1951グアム島沖陽動戦13
グアム島に設けられた航空基地内の弾薬在庫を聞かされたヘイル大尉は、思わず剣呑な表情を浮かべていた。
周囲の掩体内では、B-36に取り付いている整備兵達が後部に動翼の付いた特殊な誘導爆弾を苦労しながら爆弾倉に収めようと作業していたが、その様子を指さしながら大尉は報告してきた整備下士官に言った。
「別にB-36が抱えて出撃するあんな誘導爆弾には最初から期待しとらん。どうせあの爆弾は誘導装置が特殊すぎてB-49では照準が出来ないのだろうし、それ以前に誘導機能は繊細だし高高度から投弾しなければならんのだろうから、誘導爆弾は低空侵入が基本のB-49とは相性が悪すぎる。
誘導爆弾なんかは高高度投下しか芸のない鈍亀のB-36に任せておけば良いんだ……それより千ポンドの貫通爆弾などは無かったのか。海軍に大半は持っていかれたかもしれんが、貫通爆弾なら日本人の要塞地帯辺りのコンクリートトーチカを破壊するために幾らかはグアム島にも備蓄されていたんじゃないか。
もしも戦艦を抜く貫通爆弾が贅沢だと言うなら、五百ポンドや千ポンドの半貫通爆弾でも構わん。あれなら戦艦は無理でも巡洋艦や駆逐艦なら沈められるんじゃないか……」
僅かな期待を込めて未練がましくヘイル大尉は続けていたが、整備下士官は途中で遮るように大きく首を振っていた。

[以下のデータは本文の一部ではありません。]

lemma pred_div_mod:
  fixes n l :: nat
  assumes "1 \<le> n" and "1 \<le> l"
  shows "(n - 1) div l = (if n mod l = 0 then n div l - 1 else n div l)"
    and "(n - 1) mod l = (if n mod l = 0 then l - 1 else n mod l - 1)"
proof -
  obtain m where "n = Suc m"
    using assms(1) by (cases n) auto
  then show "(n - 1) div l = (if n mod l = 0 then n div l - 1 else n div l)"
    and "(n - 1) mod l = (if n mod l = 0 then l - 1 else n mod l - 1)"
    using assms(2) by (auto simp: mod_Suc div_Suc)
qed

lemma mu_eq_block_partition:
  assumes "1 \<le> i" and a: "a = l - 1 + (k div l - i) * l"
    and k: "k = a + B * (l - 1) + G" and "G < l - 1"
  shows "mu l k i = block_partition (l - 1) a B G"
proof -
  have "(k - a) div (l - 1) = B" and "(k - a) mod (l - 1) = G"
    using k \<open>G < l - 1\<close> by simp_all
  then show ?thesis
    using \<open>1 \<le> i\<close> unfolding mu_def Let_def a[symmetric] block_partition_def by simp
qed

lemma block_partition_eq_mu_pred:
  assumes l: "2 \<le> l" and i: "1 \<le> i" "i \<le> n div l" and a: "a = l - 1 + (n div l - i) * l"
    and n: "n - 1 = a + B * (l - 1) + G" and "G < l - 1"
  shows "block_partition (l - 1) a B G = mu l (n - 1) (if n mod l = 0 then i - 1 else i)"
proof (cases "n mod l = 0 \<and> i = 1")
  case True
  then obtain q where q: "n = l * q"
    by blast
  with i l obtain q' where q': "q = Suc q'"
    by (cases q) auto
  have "a = n - 1" and "2 \<le> n"
    using True l unfolding a q q' by (simp_all add: algebra_simps)
  moreover from this(1) n have "B * (l - 1) + G = 0"
    by linarith
  then have "B = 0" "G = 0"
    using l by auto
  ultimately show ?thesis
    using True by (simp add: block_partition_def mu_def)
next
  case False
  define i' where "i' = (if n mod l = 0 then i - 1 else i)"
  have "1 \<le> n"
    using i l div_le_dividend[of n l] by linarith
  then have "(n - 1) div l - i' = n div l - i"
    using pred_div_mod(1)[of n l] i l unfolding i'_def by auto
  then have "a = l - 1 + ((n - 1) div l - i') * l"
    using a by simp
  moreover have "1 \<le> i'"
    using False i unfolding i'_def by auto
  ultimately show ?thesis
    using mu_eq_block_partition[OF _ _ n \<open>G < l - 1\<close>] unfolding i'_def by simp
qed

lemma etilde_mu_pos:
  assumes l: "2 \<le> l" and i: "1 \<le> i" "i \<le> n div l"
  shows "etilde l j (mu l n i) =
    (if j = (n - 1) mod l then Some (mu l (n - 1) (if n mod l = 0 then i - 1 else i)) else None)"
proof -
  define a where "a = l - 1 + (n div l - i) * l"
  define b where "b = (n - a) div (l - 1)"
  define c where "c = (n - a) mod (l - 1)"
  have "a < n"
  proof -
    have "a + 1 = (n div l - i + 1) * l"
      unfolding a_def using l by (simp add: algebra_simps)
    also have "\<dots> \<le> n div l * l"
      using i by (intro mult_le_mono1) linarith
    finally show ?thesis
      using div_times_less_eq_dividend[of n l] by linarith
  qed
  then have n: "n = a + b * (l - 1) + c"
    using div_mult_mod_eq[of "n - a" "l - 1"] unfolding b_def c_def by linarith
  interpret mu_shape "l - 1" a b c l n
  proof
    show "a mod l = l - 1"
      unfolding a_def using l by (subst mod_mult_self1) simp
    show "1 \<le> b \<or> 0 < c"
      using n \<open>a < n\<close> l by (cases b) auto
    show "1 \<le> l - 1" and "l - 1 \<le> a" and "c < l - 1"
      using l unfolding a_def c_def by simp_all
  qed (use n in simp_all)
  have "mu l n i = p"
    by (rule mu_eq_block_partition[OF i(1) a_def n c_less_L])
  moreover have "(if 0 < c then block_partition (l - 1) a b (c - 1)
                  else block_partition (l - 1) a (b - 1) (l - 1 - 1))
      = mu l (n - 1) (if n mod l = 0 then i - 1 else i)"
  proof (cases "0 < c")
    case True
    have "n - 1 = a + b * (l - 1) + (c - 1)"
      using n True by simp
    with True c_less_L show ?thesis
      using block_partition_eq_mu_pred[OF l i a_def] by simp
  next
    case False
    then obtain b' where b': "b = Suc b'"
      using tail_nonempty by (cases b) auto
    then have "n = a + b' * (l - 1) + (l - 1)"
      using n False by simp
    then have "n - 1 = a + (b - 1) * (l - 1) + (l - 1 - 1)"
      using l unfolding b' by simp
    with False l show ?thesis
      using block_partition_eq_mu_pred[OF l i a_def] by simp
  qed
  ultimately show ?thesis
    using etilde_p unfolding good_res_def by simp
qed

lemma etilde_Nil: "etilde l j [] = None"
proof -
  have "sig_word l j [] = filter (\<lambda>x. residue l (snd x) = int j) [(Add, (1, 1))]"
    by (simp add: sig_word_eq_filter_row_signatures is_partition_def row_signature_def rowlen_def)
  then show ?thesis
    unfolding etilde_def by (simp add: good_box_eq_None_if_no_Rem)
qed

lemma etilde_single_row:
  assumes l: "2 \<le> l" and n: "1 \<le> n"
  shows "etilde l j [n] = (if j = (n - 1) mod l \<and> n mod l \<noteq> 0 then Some (mu l (n - 1) 0) else None)"
proof -
  have "residue l (2, 1) = int (l - 1)"
    using l by (intro residue_eq_of_nat[where m = 1]) auto
  moreover have "residue l (1, n + 1) = int (n mod l)"
    by (simp add: residue_def of_nat_mod)
  moreover have "residue l (1, n) = int ((n - 1) mod l)"
    using n by (simp add: residue_def of_nat_mod of_nat_diff)
  moreover have "is_partition [n]"
    using n by (simp add: is_partition_def)
  ultimately have word: "sig_word l j [n] =
      (if l - 1 = j then [(Add, (2, 1))] else [])
    @ (if n mod l = j then [(Add, (1, n + 1))] else [])
    @ (if (n - 1) mod l = j then [(Rem, (1, n))] else [])"
    using n by (simp add: sig_word_eq_filter_row_signatures row_signature_def rowlen_def numeral_eq_Suc)
  have "good_box l j [n] = (if j = (n - 1) mod l \<and> n mod l \<noteq> 0 then Some (1, n) else None)"
  proof (cases "j = (n - 1) mod l")
    case True
    have "n mod l \<noteq> (n - 1) mod l \<and> ((n - 1) mod l = l - 1 \<longleftrightarrow> n mod l = 0)"
    proof (cases "n mod l = 0")
      case False
      have "n mod l < l"
        using l by simp
      moreover have "(n - 1) mod l = n mod l - 1"
        using False pred_div_mod(2)[OF n, of l] l by simp
      ultimately show ?thesis
        using False by (intro conjI iffI) linarith+
    qed (use l pred_div_mod(2)[OF n, of l] in simp)
    with True show ?thesis
      unfolding good_box_def word by (cases "n mod l = 0") (simp_all add: reduce_word_def del_step_def)
  next
    case False
    then have "good_box l j [n] = None"
      by (intro good_box_eq_None_if_no_Rem) (auto simp: word)
    with False show ?thesis
      by simp
  qed
  moreover have "remove_box [n] (1, n) = mu l (n - 1) 0"
    by (simp add: remove_box_def mu_def)
  ultimately show ?thesis
    unfolding etilde_def by simp
qed

lemma etilde_pow_Suc: "etilde_pow l j (Suc k) la = Option.bind (etilde l j la) (etilde_pow l j k)"
proof -
  have "((\<lambda>x. Option.bind x f) ^^ k) None = None" for f :: "nat list \<Rightarrow> nat list option"
    by (induction k) auto
  then show ?thesis
    unfolding etilde_pow_def funpow_Suc_right by (cases "etilde l j la") auto
qed

lemma epsilon_eq_0:
  assumes "etilde l j la = None"
  shows "epsilon l j la = 0"
  unfolding epsilon_def
proof (rule Greatest_equality)
  show "etilde_pow l j 0 la \<noteq> None"
    by (simp add: etilde_pow_def)
  show "k \<le> 0" if "etilde_pow l j k la \<noteq> None" for k
    using that assms by (cases k) (auto simp: etilde_pow_Suc)
qed

lemma epsilon_eq_1:
  assumes "etilde l j la = Some la'" and "etilde l j la' = None"
  shows "epsilon l j la = 1"
  unfolding epsilon_def
proof (rule Greatest_equality)
  show "etilde_pow l j 1 la \<noteq> None"
    using assms(1) by (simp add: etilde_pow_Suc etilde_pow_def)
  show "k \<le> 1" if "etilde_pow l j k la \<noteq> None" for k
    using that assms by (cases k; cases "k - 1") (auto simp: etilde_pow_Suc)
qed

lemma etilde_mu:
  assumes l: "2 \<le> l" and n: "1 \<le> n" and i: "i \<le> n div l"
  shows "etilde l j (mu l n i) =
    (if j = (n - 1) mod l \<and> (1 \<le> i \<or> n mod l \<noteq> 0)
     then Some (mu l (n - 1) (if n mod l = 0 then i - 1 else i)) else None)"
proof (cases "i = 0")
  case True
  then have "mu l n i = [n]"
    using n by (simp add: mu_def)
  with True show ?thesis
    using etilde_single_row[OF l n] by simp
next
  case False
  then show ?thesis
    using etilde_mu_pos[OF l _ i] by simp
qed

lemma epsilon_mu:
  assumes l: "2 \<le> l" and n: "1 \<le> n" and i: "i \<le> n div l"
  shows "epsilon l j (mu l n i) = (if j = (n - 1) mod l \<and> (1 \<le> i \<or> n mod l \<noteq> 0) then 1 else 0)"
proof (cases "j = (n - 1) mod l \<and> (1 \<le> i \<or> n mod l \<noteq> 0)")
  case False
  then show ?thesis
    using etilde_mu[OF assms, of j] epsilon_eq_0 by simp
next
  case True
  define i' where "i' = (if n mod l = 0 then i - 1 else i)"
  have "etilde l j (mu l (n - 1) i') = None"
  proof (cases "n = 1")
    case True
    then have "mu l (n - 1) i' = []"
      using i l by (simp add: mu_def i'_def)
    then show ?thesis
      by (simp add: etilde_Nil)
  next
    case False
    then have n': "1 \<le> n - 1"
      using n by simp
    have "i' \<le> (n - 1) div l"
      using pred_div_mod(1)[OF n] l i unfolding i'_def by auto
    moreover have "(n - 1 - 1) mod l \<noteq> (n - 1) mod l"
      using pred_div_mod(2)[OF n'] l by (cases "(n - 1) mod l = 0") auto
    ultimately show ?thesis
      using etilde_mu[OF l n', of i' j] True by simp
  qed
  with True show ?thesis
    using epsilon_eq_1 etilde_mu[OF assms, of j] unfolding i'_def by simp
qed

「爆撃集団の弾薬庫に残ってるのは、焼夷爆弾の他は百ポンド爆弾くらいしか無いようですぜ」
「焼夷爆弾ってあのB-36が日本人の上に落としてる奴か……そりゃ日本人共の家は紙で出来ているという話だから焼夷爆弾でも簡単に燃やせるんだろうが、鉄で出来た軍艦はいくら何でも燃やせないだろう……
百ポンド爆弾は、B-36でも爆弾倉に大容量爆弾を積んだ余りの空間に詰め込んでいるはずだが、これまでは大して使われていなかったのか……」
「何でも日本人の本土爆撃には効果が派手な焼夷爆弾が多用されているようですし、いくらB-36の航続距離が恐ろしく長いといっても海を渡るのに爆弾倉を満載にするのはおっかない。それで百ポンド爆弾は余っているようです。
今も船便で大量に運び込んで来ている焼夷爆弾と、思ったより使わなかった百ポンド爆弾だけ在庫が余ってるんでしょう」
「そもそもグアム島の弾薬庫は貧弱すぎるぞ……それで、貫通爆弾は本当に一発も残ってないのか」
「そりゃ在庫を総ざらいすれば一発や二発くらい残ってるかもしれないと倉庫番の兵器科連中は言ってましたがね……でも備蓄されていたなけなしの徹甲爆弾は、ついこないだ大尉殿があのイオに抱えて滑走路やら何やらに落としてきた分で大半使い切っちまったみたいですよ」
予想以上に悪かった状況に、ヘイル大尉は思わず不機嫌そうに唸り声を上げていた。
B-36は米陸軍航空隊にとって空前の巨人機だった。その打撃力は極めて大きかったが、当然のことながら出撃の度に消費する弾薬、燃料、そして何よりも危険極まりない爆弾は膨大なものだったのだ。
ところが、残念ながらこれを備蓄するのにふさわしい程にはグアム島に設けられた弾薬庫の規模は大きくはなかった。しかも、日本本土への戦略爆撃を優先して補給が行われていたものだから、分厚い装甲を持つ敵艦に有効打を与えるために必要不可欠な徹甲爆弾の在庫は乏しかった。
一方で米領グアムには以前から複数の航空基地や港湾施設が整備されていた。
しかも、いずれの滑走路も建設当初からかなりの高規格で建設されていたから、2年ほど前に制式化されたばかりである大重量のB-36を受け入れる際も、駐機所は限界まで拡張工事が行われていたものの、滑走路自体の追加工事は僅かなもので済んでいたのだ。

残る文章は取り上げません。